Bad Sobernheim | Hüttenberg atmet regionale Diakonie-Geschichte

Ehemaliges Mutterhaus der Stiftung kreuznacher diakonie auf dem Hüttenberg in Bad Sobernheim

Ehemaliges Mutterhaus der Stiftung kreuznacher diakonie auf dem Hüttenberg in Bad Sobernheim

Der Bauzaun steht schon länger, jetzt haben die Handwerker mit den Arbeiten begonnen: Das erste Mutterhaus der Stiftung kreuznacher diakonie auf dem Hüttenberg in Bad Sobernheim wird kernsaniert. Damit wird ein das Stadtbild prägendes Haus, dessen Mauern vor allem Diakonie-Geschichte atmet, wieder mit Leben gefüllt. „Mit unseren Investitionen werden wir diesen Standort der Behindertenhilfe weiterentwickeln“, sagt Sven Lange, Vorstand Soziales der Stiftung, die in Bad Sobernheim ihre Wurzeln hat. Zudem will man auch für das 130-jährige Bestehen des Gebäudes in diesem Jahr gerüstet sein. 
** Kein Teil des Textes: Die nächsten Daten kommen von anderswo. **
section \<open>Complete \<open>\<Phi>\<close>-realisability\<close>

lemma image_Int_vimage_eq: "B \<subseteq> f ` A \<Longrightarrow> f ` (A \<inter> f -` B) = B"
  by auto

context
  fixes G :: "('a, 'b) monoid_scheme" and H :: "('c, 'd) monoid_scheme" and f \<iota>
  assumes G: "group G" and H: "group H" and f: "f \<in> hom H H"
    and \<iota>: "\<iota> \<in> iso G (H\<lparr>carrier := f ` carrier H\<rparr>)"
begin

lemma ex_subgroup_iso_image:
  assumes G1: "subgroup G1 G"
  shows "\<exists>K. subgroup K H \<and> G\<lparr>carrier := G1\<rparr> \<cong> H\<lparr>carrier := f ` K\<rparr>"
proof -
  interpret H: group H by (rule H)
  interpret f: group_hom H H f
    using f by (simp add: group_hom_def group_hom_axioms_def H.is_group)
  interpret \<iota>: group_hom G H \<iota>
    using \<iota> f.img_is_subgroup[THEN subgroup.subset] G H
    by (fastforce simp: group_hom_def group_hom_axioms_def iso_def hom_def)
  define K where "K = carrier H \<inter> f -` (\<iota> ` G1)"
  have "subgroup K H"
    unfolding K_def by (rule f.subgroup_vimage[OF \<iota>.subgroup_img_is_subgroup[OF G1]])
  moreover have "\<iota> ` G1 \<subseteq> f ` carrier H"
    using \<iota> subgroup.subset[OF G1] by (auto simp: iso_def hom_def)
  then have "f ` K = \<iota> ` G1"
    unfolding K_def by (rule image_Int_vimage_eq)
  then have "G\<lparr>carrier := G1\<rparr> \<cong> H\<lparr>carrier := f ` K\<rparr>"
    using iso_restrict[OF \<iota> G H.subgroup_imp_group[OF f.img_is_subgroup] G1]
    by (auto intro: is_isoI)
  ultimately show ?thesis
    by blast
qed

lemma ex_subgroup_image_iso:
  assumes K: "subgroup K H"
  shows "\<exists>G1. subgroup G1 G \<and> H\<lparr>carrier := f ` K\<rparr> \<cong> G\<lparr>carrier := G1\<rparr>"
proof -
  interpret G: group G by (rule G)
  interpret H: group H by (rule H)
  interpret f: group_hom H H f
    using f by (simp add: group_hom_def group_hom_axioms_def H.is_group)
  have HP: "group (H\<lparr>carrier := f ` carrier H\<rparr>)"
    by (rule H.subgroup_imp_group[OF f.img_is_subgroup])
  define \<psi> where "\<psi> = inv_into (carrier G) \<iota>"
  have \<psi>: "\<psi> \<in> iso (H\<lparr>carrier := f ` carrier H\<rparr>) G"
    unfolding \<psi>_def by (rule G.iso_set_sym[OF \<iota>])
  have S: "subgroup (f ` K) (H\<lparr>carrier := f ` carrier H\<rparr>)"
    using H.subgroup_incl[OF f.subgroup_img_is_subgroup[OF K] f.img_is_subgroup] subgroup.subset[OF K]
    by blast
  have "subgroup (\<psi> ` f ` K) G"
    by (rule subgroup.iso_subgroup[OF S HP G \<psi>])
  moreover have "H\<lparr>carrier := f ` K\<rparr> \<cong> G\<lparr>carrier := \<psi> ` f ` K\<rparr>"
    using iso_restrict[OF \<psi> HP G S] by (auto intro: is_isoI)
  ultimately show ?thesis
    by blast
qed

end

lemma completely_Phi_realisableI:
  fixes G :: "('a, 'b) monoid_scheme" and H :: "nat monoid"
  assumes G: "group G" and H: "group H" "finite (carrier H)" and f: "f \<in> hom H H"
    and frattini_eq: "\<And>K. subgroup K H \<Longrightarrow> frattini (H\<lparr>carrier := K\<rparr>) = f ` K"
    and iso: "G \<cong> H\<lparr>carrier := f ` carrier H\<rparr>"
  shows "completely_Phi_realisable G"
proof -
  obtain \<iota> where \<iota>: "\<iota> \<in> iso G (H\<lparr>carrier := f ` carrier H\<rparr>)"
    using iso unfolding is_iso_def by blast
  have frattini_group_eq: "frattini_group (H\<lparr>carrier := K\<rparr>) = H\<lparr>carrier := f ` K\<rparr>"
    if "subgroup K H" for K
    using frattini_eq[OF that] by (simp add: frattini_group_def)
  have "G \<cong> frattini_group H"
    using iso frattini_group_eq[OF group.subgroup_self[OF H(1)]] by simp
  moreover have "\<exists>K. subgroup K H \<and> G\<lparr>carrier := G1\<rparr> \<cong> frattini_group (H\<lparr>carrier := K\<rparr>)"
    if "subgroup G1 G" for G1
    using ex_subgroup_iso_image[OF G H(1) f \<iota> that] frattini_group_eq by auto
  moreover have "\<exists>G1. subgroup G1 G \<and> frattini_group (H\<lparr>carrier := K\<rparr>) \<cong> G\<lparr>carrier := G1\<rparr>"
    if "subgroup K H" for K
    using ex_subgroup_image_iso[OF G H(1) f \<iota> that] frattini_group_eq[OF that] by auto
  ultimately show ?thesis
    unfolding completely_Phi_realisable_def using H by blast
qed

theorem theorem3p3:
  fixes G :: "('a, 'b) monoid_scheme"
  assumes "comm_group G" and "finite (carrier G)"
  shows "completely_Phi_realisable G"
proof -
  interpret G: comm_group G by (rule assms(1))
  obtain H :: "nat monoid" and N where H: "comm_group H" "finite (carrier H)"
    and N: "N > 0" and exH: "\<forall>x\<in>carrier H. x [^]\<^bsub>H\<^esub> N = \<one>\<^bsub>H\<^esub>"
    and G_iso: "G \<cong> H\<lparr>carrier := powers H (\<Prod>(prime_factors N))\<rparr>"
    using G.ex_nat_powers_iso[OF assms(2)] by blast
  show ?thesis
  proof (rule completely_Phi_realisableI[OF G.is_group comm_group.axioms(2)[OF H(1)] H(2) _ _ G_iso])
    show "(\<lambda>x. x [^]\<^bsub>H\<^esub> (\<Prod>(prime_factors N))) \<in> hom H H"
      using group_hom.homh[OF comm_group.group_hom_nat_pow[OF H(1)]] .
    show "frattini (H\<lparr>carrier := K\<rparr>) = (\<lambda>x. x [^]\<^bsub>H\<^esub> (\<Prod>(prime_factors N))) ` K"
      if "subgroup K H" for K
      by (rule comm_group.frattini_subgroup_eq[OF H N exH that])
  qed
qed

end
Im Oktober 1889 eröffnete Pfarrer Hugo Reich in Sobernheim das II. Rheinische Diakonissen-Mutterhaus im Pfarrhaus des Ortes. An Martin Luthers Geburtstag im Jahr 1893 wurde das neue Mutterhaus auf dem Hüttenberg eingeweiht. Wenn das schöne Gebäude, von dessen Turmdach aus man einen herrlichen Ausblick auf die Felkestadt hat, reden könnte, hätte es viel zu erzählen. Ursprünglich lag das Gelände noch außerhalb der Stadt. Das Grundstück wurde 1889 sofort gekauft, weil klar war, dass mehr Platz gebraucht wird - für die Betreuung und Pflege von Menschen mit geistiger Behinderung. Ein Arbeitsauftrag, den zunächst die Diakonissen, später andere Mitarbeitende bis zum heutigen Tage hier erfüllen. In dieser Zeit wuchs die Dringlichkeit, für immer mehr Menschen in schwierigen Lebenslagen da zu sein.

Eine zügige Expansion unterstützt durch Schenkungen – wie etwa 1892 die Asbacher Hütte durch Friedrich von Bodelschwingh – und Übernahmen – wie 1890 das Hilfskrankenhaus in Bad Kreuznach –  zeigte schnell, dass Bad Sobernheim nicht genügend Platz für die Fülle der sozialen Aufgaben dieser Zeit bot. Bereits 1898 wird der Grundstein für ein neues Mutterhaus in Bad Kreuznach gelegt, das zum Dreh- und Angelpunkt der heutigen Stiftung kreuznacher diakonie wird.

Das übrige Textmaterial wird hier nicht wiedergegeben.